GX-I7 With Cyclophosphamide in Patients With Metastatic or Recurrent Solid Tumors

Solid Tumor Clinical Trial

Official title:

A Phase 1b Study of GX-I7 in Combination With Cyclophosphamide in Patients With Metastatic or Recurrent Solid Tumors

Clinical Trial Details — Status: Completed

Administrative data

• NCT number: NCT03733587
• Other study ID #: GX-I7-CA-005
• Status: Completed
• Phase: Phase 1
• Start date: October 17, 2018
• Est. completion date: May 13, 2020

Study information

• Verified date: May 2020
• Source: Genexine, Inc.
• Contact: n/a
• Is FDA regulated: No
• Study type: Interventional

Clinical Trial Summary

This is a Phase 1b study to explore the safety and efficacy of GX-I7 in combination with CPA in patients with metastatic or recurrent solid tumors.

Description:

This is a Phase 1b study to explore the safety and efficacy of GX-I7 in combination with CPA in patients with metastatic or recurrent solid tumors.

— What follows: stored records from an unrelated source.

lemma norm_udft_le:
  assumes "\<phi> \<in> supp_in m" "m \<le> p"
  shows "cmod (udft p \<phi> j) \<le> sqrt (real (2 * m + 1)) * l2norm \<phi>"
proof -
  let ?M = "{-int m..int m}"
  have "cmod (udft p \<phi> j) = cmod (\<Sum>\<tau>\<in>?M. dft_kernel p j \<tau> * \<phi> \<tau>)"
    unfolding udft_def sum_supp_in_extend[OF assms] ..
  also have "\<dots> \<le> (\<Sum>\<tau>\<in>?M. \<bar>cmod (\<phi> \<tau>)\<bar> * \<bar>1\<bar>)"
    by (rule order_trans[OF norm_sum]) (simp add: norm_mult)
  also have "\<dots> \<le> L2_set (\<lambda>\<tau>. cmod (\<phi> \<tau>)) ?M * L2_set (\<lambda>_. 1) ?M"
    by (rule L2_set_mult_ineq)
  also have "\<dots> = l2norm \<phi> * sqrt (real (2 * m + 1))"
    by (simp add: l2norm_supp_in[OF assms(1)] L2_set_constant)
  finally show ?thesis by (simp add: mult.commute)
qed

lemma sum_power_le_sum_square:
  fixes f :: "'a \<Rightarrow> real"
  assumes "\<And>i. i \<in> A \<Longrightarrow> 0 \<le> f i \<and> f i \<le> B" "2 \<le> k"
  shows "(\<Sum>i\<in>A. f i ^ k) \<le> B ^ (k - 2) * (\<Sum>i\<in>A. (f i)\<^sup>2)"
  unfolding sum_distrib_left
proof (rule sum_mono)
  fix i assume "i \<in> A"
  have "f i ^ k = f i ^ (k - 2) * (f i)\<^sup>2"
    using assms(2) by (metis le_add_diff_inverse2 power_add)
  also have "\<dots> \<le> B ^ (k - 2) * (f i)\<^sup>2"
    using assms(1)[OF \<open>i \<in> A\<close>] by (intro mult_right_mono power_mono) auto
  finally show "f i ^ k \<le> B ^ (k - 2) * (f i)\<^sup>2" .
qed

This is 4 dose levels and increase dose level after confirm DLT of the previous dose.

Recruitment information / eligibility

• Status: Completed
• Enrollment: 24
• Est. completion date: May 13, 2020
• Est. primary completion date: April 2, 2020
• Accepts healthy volunteers: No
• Gender: All
• Age group: 18 Years and older

Eligibility

Inclusion Criteria:

• Histological confirmation of solid tumor, for which no standard therapy exists or is available any longer.

• Aged =19 years(Korean age).

• Eastern Cooperative Oncology Group (ECOG) performance status of 0 or 1.

• Life expectancy =12 weeks.

• Adequate hematological and end organ function defined by the following

• laboratory results obtained within 14 days prior to Cycle 1 Day 1 (C1D1)

• Female subjects of childbearing potential (including a female who has undergone tubal ligation) requires a negative serum pregnancy test performed within 14 days prior to C1D1.

• Have an evaluable lesion(s) by Response Evaluation Criteria in Solid Tumors (RECIST) v1.1

• Subjects to be enrolled in the Phase 2a stage must be able to provide pre-treatment tissue biopsy or archival tissue and must have a tumor lesion.

• Providing the signed informed consent form (ICF).

Exclusion Criteria:

• Unable to adhere to the study procedures and follow-up procedures.

• Pregnant or lactating subjects.

• Have alcoholic or other hepatitis, liver cirrhosis, or genetic liver disease.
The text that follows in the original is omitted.